[erlang-questions] Strange behaviour of exit(kill)

zxq9 zxq9@REDACTED
Wed Oct 7 03:25:38 CEST 2015


On Tuesday 06 October 2015 18:00:10 Robert Virding wrote:

> 7> spawn_link(fun () -> exit(S, die) end).
> <0.43.0>
> 8> flush().
> Shell got {'EXIT',<0.43.0>,die}
> Shell got {'EXIT',<0.43.0>,normal}
> ok
> 9> spawn_link(fun () -> exit(kill) end).
> <0.46.0>
> 10> flush().
> Shell got {'EXIT',<0.46.0>,kill}
> ok
> 11> spawn_link(fun () -> exit(S, kill) end).
> ** exception exit: killed

> What gives? So just receiving a 'kill' signal is not what kills me but it
> has to be sent in a certain way. So the process receiving a signal knows
> how the signal was sent. This is really inconsistent! It should be the
> signal itself which determines what the receiving process does. I would
> definitely class this as a bug.

Hi, Robert.

+1

This has bothered me too whenever I stop to think about it (usually I don't). It is definitely hard to understand when you're trying to build a mental model of how things work.

Is it really a bug? It is documented to work this way, and seems to have been made this way on purpose. So maybe not that kind of a bug, but a design bug.

It is semantically overloaded from the perspective of the user:

    Case 1:
I receive a message {'EXIT', Pid, Reason = kill} where Pid /= self() which is just informing me of the demise of another process due to Reason.

    Case 2:
I receive a message {'EXIT', Pid, Reason = kill} where Pid /= self() which is telling me I should exit with Reason.

What is the difference? It is invisible at the level that we normally deal with the environment. I am really uncomfortable with the result of the flush() on line 8.

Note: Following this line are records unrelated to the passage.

lemma refute_p_ge_half:
  assumes "1/2 \<le> p"
  shows False
proof -
  have atoms: "0 \<le> p - 1/2"
    using assms by simp
  have pos: "0 < g4 + ((6949/3000)*(g5*(t - y)) + (2711/120)*(g5*(p - 1/2)) + (99/500)*(g5*(y - z)*(t - y))
      + (753/500)*(g5*(y - z)*q) + (2297/600)*(g5*z*r) + (5117/1500)*(g5*z*d)
      + (7943/3000)*(g5*z*(x - p)) + (853/750)*(g5*z*(x - t)) + (17839/3000)*(g5*(t - y)*p)
      + (5111/3000)*(g5*(t - y)*r) + (11647/3000)*(g5*p*r) + (14009/3000)*(g5*p*d)
      + (701/120)*(g5*p*(x - t)) + (3/5)*(g5*q*(4/3 - x - p)) + (104/125)*(g5*r*r)
      + (2531/1500)*(g5*r*(x - t)) + (139/1000)*(g5*d*d) + (1979/1500)*(g5*d*(x - t))
      + (629/600)*(g5*d*(p - 1/2)) + (1909/3000)*(g5*(x - p)*(4/3 - x - p))
      + (56/125)*(g5*(x - t)*(x - t)) + (1361/3000)*(g6*(t - y)*(t - y))
      + (11/12)*(g6*(t - y)*(4/3 - x - p)) + (829/500)*(g6*(4/3 - x - p)*(p - 1/2))
      + (509/500)*(g7*(y - z)*r) + (321/1000)*(g7*z*(t - y)) + (3071/3000)*(g7*(t - y)*r)
      + (2159/3000)*(g7*(t - y)*d) + (6139/3000)*(g7*r*(4/3 - x - p)) + (13499/1500)*(g4*r)
      + (8251/150)*(g4*d) + (31129/1500)*(g4*(x - p)) + (116011/3000)*(g4*(4/3 - x - p))
      + (5033/1500)*(g4*(x - t)) + (11759/1000)*(g4*(y - z)*z) + (27107/3000)*(g4*(y - z)*r)
      + (11197/3000)*(g4*(y - z)*(x - t)) + (34447/1500)*(g4*z*q)
      + (2549/750)*(g4*(t - y)*(x - t)) + (7433/3000)*(g4*q*(x - t)) + (11143/1500)*(g4*d*d)
      + (1887/250)*(g4*d*(x - p)) + (119/20)*(g4*(x - p)*(x - p))
      + (11897/3000)*(g4*(x - p)*(x - t)) + (5699/1000)*(g4*(4/3 - x - p)*(x - t))
      + (8213/3000)*(g1*(t - y)*d) + (30761/1500)*(g2*r) + (5723/500)*(g2*z*z)
      + (1426/75)*(g2*r*r) + (3817/150)*(g2*r*d) + (4937/500)*(g2*r*(x - p))
      + (1347/250)*(g2*r*(x - t)) + (15821/3000)*(g2*d*(4/3 - x - p)) + (12933/1000)*(g3*(y - z))
      + (68789/3000)*(g3*q) + (67367/3000)*(g3*(y - z)*(y - z)) + (363/100)*(g3*(y - z)*p)
      + (88979/3000)*(g3*(y - z)*q) + (20189/1000)*(g3*(y - z)*d) + (433/300)*(g3*(t - y)*(x - t))
      + (51201/1000)*(g3*q*d) + (106/125)*(g3*q*(x - p)) + (48467/3000)*(g3*d*d)
      + (2879/375)*(g3*(4/3 - x - p)*(4/3 - x - p)) + (191/1000)*((t - y)*(t - y))
      + (6247/1500)*((t - y)*d) + (5183/750)*(d*(4/3 - x - p))
      + (2929/1500)*((y - z)*(y - z)*(t - y)) + (11213/1500)*((y - z)*(y - z)*d)
      + (2987/375)*((y - z)*(y - z)*(4/3 - x - p)) + (7789/3000)*((y - z)*(t - y)*q)
      + (36533/3000)*((y - z)*(t - y)*d) + (5549/3000)*((y - z)*(t - y)*(x - p))
      + (1057/1500)*((y - z)*d*d) + (6443/750)*(z*d*(4/3 - x - p))
      + (3863/250)*((t - y)*(t - y)*d) + (1351/375)*((t - y)*(t - y)*(x - p))
      + (1699/1000)*((t - y)*(t - y)*(4/3 - x - p)) + (3029/3000)*((t - y)*(t - y)*(x - t))
      + (842/375)*((t - y)*r*(x - p)) + (401/200)*((t - y)*d*(4/3 - x - p))
      + (6409/3000)*((t - y)*(4/3 - x - p)*(4/3 - x - p)) + (9253/600)*(q*r*(4/3 - x - p))
      + (7399/600)*(q*d*(4/3 - x - p)) + (6079/600)*(d*d*d) + (3614/375)*(d*d*(x - p))
      + (71/150)*(d*(4/3 - x - p)*(4/3 - x - p)) + (9109/1500)*((y - z)*(y - z)*(y - z)*(y - z))
      + (3551/3000)*((y - z)*(y - z)*(y - z)*r) + (83/30)*((y - z)*(y - z)*(y - z)*d)
      + (14693/1500)*((y - z)*(y - z)*(y - z)*(x - p))
      + (16189/1500)*((y - z)*(y - z)*z*(4/3 - x - p))
      + (557/3000)*((y - z)*(y - z)*(t - y)*(t - y)) + (683/600)*((y - z)*(y - z)*(t - y)*q)
      + (3397/750)*((y - z)*(y - z)*(t - y)*(4/3 - x - p)) + (4222/375)*((y - z)*(y - z)*q*r)
      + (151/25)*((y - z)*(y - z)*q*d) + (388/125)*((y - z)*(y - z)*d*(x - p))
      + (5113/3000)*((y - z)*(y - z)*d*(4/3 - x - p))
      + (4671/1000)*((y - z)*(y - z)*(x - p)*(x - p))
      + (5111/1000)*((y - z)*(y - z)*(4/3 - x - p)*(x - t)) + (3883/200)*((y - z)*z*z*z)
      + (859/250)*((y - z)*z*(t - y)*(x - p)) + (991/300)*((y - z)*z*(t - y)*(x - t))
      + (11047/1000)*((y - z)*z*r*d) + (27611/1500)*((y - z)*z*r*(x - p))
      + (101/120)*((y - z)*(t - y)*(t - y)*q) + (13687/3000)*((y - z)*(t - y)*p*d)
      + (2639/3000)*((y - z)*(t - y)*q*q) + (25691/3000)*((y - z)*(t - y)*q*(4/3 - x - p))
      + (5393/1500)*((y - z)*(t - y)*r*(x - t)) + (2359/3000)*((y - z)*(t - y)*d*d)
      + (5491/1000)*((y - z)*(t - y)*d*(x - t)) + (148/375)*((y - z)*(t - y)*(x - p)*(4/3 - x - p))
      + (613/750)*((y - z)*(t - y)*(x - p)*(x - t))
      + (269/100)*((y - z)*(t - y)*(4/3 - x - p)*(4/3 - x - p))
      + (40367/3000)*((y - z)*q*q*(4/3 - x - p)) + (10279/750)*((y - z)*q*r*d)
      + (14971/1000)*((y - z)*q*r*(p - 1/2)) + (8073/500)*((y - z)*q*d*d)
      + (11423/3000)*((y - z)*q*(x - p)*(4/3 - x - p))
      + (1167/500)*((y - z)*q*(4/3 - x - p)*(x - t)) + (196/375)*((y - z)*r*r*(x - p))
      + (2627/1500)*((y - z)*r*(4/3 - x - p)*(4/3 - x - p)) + (1393/750)*((y - z)*d*d*d)
      + (4151/3000)*((y - z)*d*(x - p)*(x - p)) + (5/8)*((y - z)*(x - p)*(x - p)*(x - p))
      + (4639/1500)*((y - z)*(4/3 - x - p)*(4/3 - x - p)*(p - 1/2))
      + (1417/200)*(z*z*(x - p)*(x - p)) + (1991/600)*(z*(t - y)*(t - y)*(x - p))
      + (10763/600)*(z*q*d*(4/3 - x - p)) + (2053/1000)*(z*r*d*(x - p))
      + (2707/750)*(z*r*(4/3 - x - p)*(x - t)) + (431/1000)*((t - y)*(t - y)*(t - y)*(t - y))
      + (113/750)*((t - y)*(t - y)*(t - y)*r) + (883/375)*((t - y)*(t - y)*p*(x - p))
      + (6823/3000)*((t - y)*(t - y)*q*r) + (6537/1000)*((t - y)*(t - y)*q*(4/3 - x - p))
      + (2623/1500)*((t - y)*(t - y)*(x - p)*(x - t))
      + (257/750)*((t - y)*(t - y)*(4/3 - x - p)*(4/3 - x - p))
      + (16033/3000)*((t - y)*p*p*(x - p)) + (373/600)*((t - y)*p*r*r)
      + (2029/1000)*((t - y)*p*d*(4/3 - x - p)) + (1189/1000)*((t - y)*q*q*q)
      + (238/75)*((t - y)*q*(4/3 - x - p)*(4/3 - x - p)) + (31/60)*((t - y)*q*(x - t)*(x - t))
      + (7553/3000)*((t - y)*q*(x - t)*(p - 1/2)) + (3389/1500)*((t - y)*r*d*d)
      + (1361/1500)*((t - y)*r*d*(x - p)) + (6113/3000)*((t - y)*r*(x - p)*(4/3 - x - p))
      + (1507/3000)*((t - y)*d*d*(4/3 - x - p)) + (533/600)*((t - y)*d*(x - p)*(x - p))
      + (28187/1500)*(p*q*r*(4/3 - x - p)) + (2596/375)*(p*r*d*(4/3 - x - p))
      + (10211/375)*(q*q*r*d) + (75749/3000)*(q*q*r*(4/3 - x - p))
      + (1033/125)*(q*r*(x - p)*(p - 1/2)) + (14459/3000)*(q*d*d*(x - p))
      + (68629/3000)*(r*r*r*(p - 1/2)) + (8393/3000)*(r*r*d*(4/3 - x - p))
      + (4147/600)*(r*r*(x - p)*(x - p)) + (588/125)*(r*r*(p - 1/2)*(p - 1/2))
      + (879/500)*(r*(4/3 - x - p)*(4/3 - x - p)*(4/3 - x - p))
      + (3223/750)*(r*(4/3 - x - p)*(x - t)*(x - t)) + (67/375)*(d*d*d*d)
      + (163/1000)*(d*d*(x - p)*(4/3 - x - p)) + (887/250)*(d*d*(4/3 - x - p)*(4/3 - x - p))
      + (637/300)*(d*(x - p)*(x - p)*(x - p))
      + (233/600)*(d*(4/3 - x - p)*(4/3 - x - p)*(4/3 - x - p))
      + (793/375)*(d*(4/3 - x - p)*(x - t)*(x - t))
      + (13/60)*((x - p)*(x - p)*(4/3 - x - p)*(4/3 - x - p))
      + (3001/600)*((4/3 - x - p)*(4/3 - x - p)*(4/3 - x - p)*(p - 1/2))) + ((34/3375)
      + (769/81000)*r + (47/4500)*(r^2) + (167/18000)*(r^3) + (529/300)*(r^4) + (1553/162000)*q
      + (23/2160)*(q*r) + (79/9000)*(q*r^2) + (62629/3000)*(q*r^3) + (37/3600)*(q^2)
      + (11/1125)*(q^2*r) + (31/3000)*(q^2*r^2) + (1/100)*(q^3) + (1/100)*(q^3*r) + (149/1500)*(q^4)
      + (409/40500)*p + (97/10800)*(p*r) + (31/3000)*(p*r^2) + (4/375)*(p*r^3) + (77/9000)*(p*q)
      + (103/9000)*(p*q*r) + (4/375)*(p*q*r^2) + (49/4500)*(p*q^2) + (29/3000)*(p*q^2*r)
      + (29/3000)*(p*q^3) + (277/27000)*(p^2) + (221/18000)*(p^2*r) + (7/750)*(p^2*r^2)
      + (1/80)*(p^2*q) + (13/1500)*(p^2*q*r) + (9/1000)*(p^2*q^2) + (83/9000)*(p^3) + (9/1000)*(p^3*r)
      + (9/1000)*(p^3*q) + (31/3000)*(p^4) + (34/3375)*t + (101/9000)*(t*r) + (7/750)*(t*r^2)
      + (27/250)*(t*r^3) + (8/675)*(t*q) + (49/6000)*(t*q*r) + (31/3000)*(t*q*r^2) + (17/2000)*(t*q^2)
      + (941/1000)*(t*q^2*r) + (31/3000)*(t*q^3) + (79/9000)*(t*p) + (83/9000)*(t*p*r)
      + (1/100)*(t*p*r^2) + (151/18000)*(t*p*q) + (31/3000)*(t*p*q*r) + (11/1000)*(t*p*q^2)
      + (3/250)*(t*p^2) + (29/3000)*(t*p^2*r) + (29/3000)*(t*p^2*q) + (7/750)*(t*p^3)
      + (253/27000)*(t^2) + (91/9000)*(t^2*r) + (31/3000)*(t^2*r^2) + (7/720)*(t^2*q)
      + (247/750)*(t^2*q*r) + (11/150)*(t^2*q^2) + (4/375)*(t^2*p) + (1/100)*(t^2*p*r)
      + (7/500)*(t^2*p*q) + (29/3000)*(t^2*p^2) + (1/100)*(t^3) + (917/3000)*(t^3*r)
      + (59/1500)*(t^3*q) + (1/100)*(t^3*p) + (1/100)*(t^4) + (173/18000)*z + (623/54000)*(z*r)
      + (179/18000)*(z*r^2) + (1/100)*(z*r^3) + (23/2000)*(z*q) + (7/720)*(z*q*r)
      + (193/200)*(z*q*r^2) + (179/18000)*(z*q^2) + (29/3000)*(z*q^2*r) + (39337/3000)*(z*q^3)
      + (53/5400)*(z*p) + (181/18000)*(z*p*r) + (7/750)*(z*p*r^2) + (37/3600)*(z*p*q)
      + (7/750)*(z*p*q*r) + (1/100)*(z*p*q^2) + (37/3600)*(z*p^2) + (29/3000)*(z*p^2*r)
      + (1/100)*(z*p^2*q) + (1/100)*(z*p^3) + (179/18000)*(z*t) + (163/18000)*(z*t*r)
      + (31/3000)*(z*t*r^2) + (79/9000)*(z*t*q) + (11/1000)*(z*t*q*r) + (31/3000)*(z*t*q^2)
      + (193/18000)*(z*t*p) + (31/3000)*(z*t*p*r) + (31/3000)*(z*t*p*q) + (29/3000)*(z*t*p^2)
      + (97/9000)*(z*t^2) + (1/100)*(z*t^2*r) + (31/3000)*(z*t^2*q) + (7/750)*(z*t^2*p)
      + (43/1500)*(z*t^3) + (577/54000)*(z^2) + (31/3600)*(z^2*r) + (31/3000)*(z^2*r^2)
      + (161/18000)*(z^2*q) + (1/100)*(z^2*q*r) + (29/3000)*(z^2*q^2) + (91/9000)*(z^2*p)
      + (31/3000)*(z^2*p*r) + (7/750)*(z^2*p*q) + (29/3000)*(z^2*p^2) + (13/1500)*(z^2*t)
      + (4/375)*(z^2*t*r) + (11/1000)*(z^2*t*q) + (29/3000)*(z^2*t*p) + (1/100)*(z^2*t^2)
      + (169/18000)*(z^3) + (31/3000)*(z^3*r) + (31/3000)*(z^3*q) + (11/1000)*(z^3*p)
      + (11/1000)*(z^3*t) + (29/3000)*(z^4) + (53/6000)*y + (149/10800)*(y*r) + (143/18000)*(y*r^2)
      + (4/375)*(y*r^3) + (337/27000)*(y*q) + (101/18000)*(y*q*r) + (3/250)*(y*q*r^2)
      + (169/18000)*(y*q^2) + (11/1000)*(y*q^2*r) + (1/100)*(y*q^3) + (7/600)*(y*p)
      + (19/3600)*(y*p*r) + (37/3000)*(y*p*r^2) + (29/3600)*(y*p*q) + (1/75)*(y*p*q*r)
      + (31/3000)*(y*p*q^2) + (17/2000)*(y*p^2) + (3/250)*(y*p^2*r) + (17/1500)*(y*p^2*q)
      + (4/375)*(y*p^3) + (121/10800)*(y*t) + (29/3600)*(y*t*r) + (4/375)*(y*t*r^2)
      + (53/6000)*(y*t*q) + (7/600)*(y*t*q*r) + (31/3000)*(y*t*q^2) + (167/18000)*(y*t*p)
      + (11/1000)*(y*t*p*r) + (17/1500)*(y*t*p*q) + (31/3000)*(y*t*p^2) + (19/1800)*(y*t^2)
      + (313/1500)*(y*t^2*r) + (1/100)*(y*t^2*q) + (29/3000)*(y*t^2*p) + (593/3000)*(y*t^3)
      + (691/54000)*(y*z) + (109/18000)*(y*z*r) + (11/1000)*(y*z*r^2) + (7/1125)*(y*z*q)
      + (4/375)*(y*z*q*r) + (4/375)*(y*z*q^2) + (163/18000)*(y*z*p) + (11/1000)*(y*z*p*r)
      + (4/375)*(y*z*p*q) + (13/1500)*(y*z*p^2) + (53/9000)*(y*z*t) + (31/3000)*(y*z*t*r)
      + (4/375)*(y*z*t*q) + (11/1000)*(y*z*t*p) + (11/1000)*(y*z*t^2) + (49/6000)*(y*z^2)
      + (3/250)*(y*z^2*r) + (7/600)*(y*z^2*q) + (13/1000)*(y*z^2*p) + (19/1500)*(y*z^2*t)
      + (1/125)*(y*z^3) + (317/27000)*(y^2) + (31/4500)*(y^2*r) + (4/375)*(y^2*r^2)
      + (131/18000)*(y^2*q) + (17/1500)*(y^2*q*r) + (4/375)*(y^2*q^2) + (173/18000)*(y^2*p)
      + (17/1500)*(y^2*p*r) + (31/3000)*(y^2*p*q) + (13/1500)*(y^2*p^2) + (79/9000)*(y^2*t)
      + (11/1000)*(y^2*t*r) + (31/3000)*(y^2*t*q) + (29/3000)*(y^2*t*p) + (9/1000)*(y^2*t^2)
      + (137/18000)*(y^2*z) + (41/3000)*(y^2*z*r) + (37/3000)*(y^2*z*q) + (7/500)*(y^2*z*p)
      + (7/600)*(y^2*z*t) + (13/1500)*(y^2*z^2) + (139/18000)*(y^3) + (17/1500)*(y^3*r)
      + (4/375)*(y^3*q) + (19/1500)*(y^3*p) + (7/600)*(y^3*t) + (1/100)*(y^3*z) + (1/100)*(y^4))"
    (is "0 < ?P")
    by (intro add_pos_nonneg add_nonneg_nonneg mult_nonneg_nonneg mult_pos_pos zero_le_power)
      (use atoms g_pos certificate_atoms_nonneg
        y_nonneg t_nonneg z_nonneg p_nonneg q_nonneg r_nonneg d_nonneg in simp_all)
  have ident: "?P = (- (72323/3000) + (42751/3000)*r + (273/20)*q + (69209/3000)*p + (2743/500)*t - (2803/1000)*z
      + (19603/3000)*y + (1793/1000)*r^2 - (3839/1000)*q*r + (369/1000)*q^2 + (703/750)*p*r
      + (3567/500)*p*q + (347/1000)*p^2 - (1597/500)*t*r - (9881/3000)*t*q - (13489/3000)*t*p
      - (441/1000)*t^2 - (297/1000)*z*r + (13/15)*z*q + (2807/300)*z*p + (14/375)*z*t + (113/1000)*z^2
      + (89/750)*y*r - (8567/750)*y*q + (1333/3000)*y*p - (667/3000)*y*t + (5899/750)*y*z
      - (1238/375)*y^2)
      * (2*x^2 + y^2 + z^2 - 1 - t^2)"
    unfolding g_defs unfolding x_eq d_eq by algebra
  from pos show False
    unfolding ident by (simp add: t_sq)
qed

'kill' is supposed to be special, but it is only special to the first process receiving the message. An identically formed message *appears* to propagate, but clearly something more interesting is happening underneath. And no clues are provided to the user about why there is a difference. I feel like exit(Pid, kill) should send something special and clearly untrappable to Pid (like {'EXIT', Pid, kill} is an untrappable form, always -- or maybe it is that {'EXIT', Pid = self(), kill} *is* specifically untrappable by way of matching on self()?), and then Pid should propagate something different like {'EXIT', Pid, killed} to make the difference clear.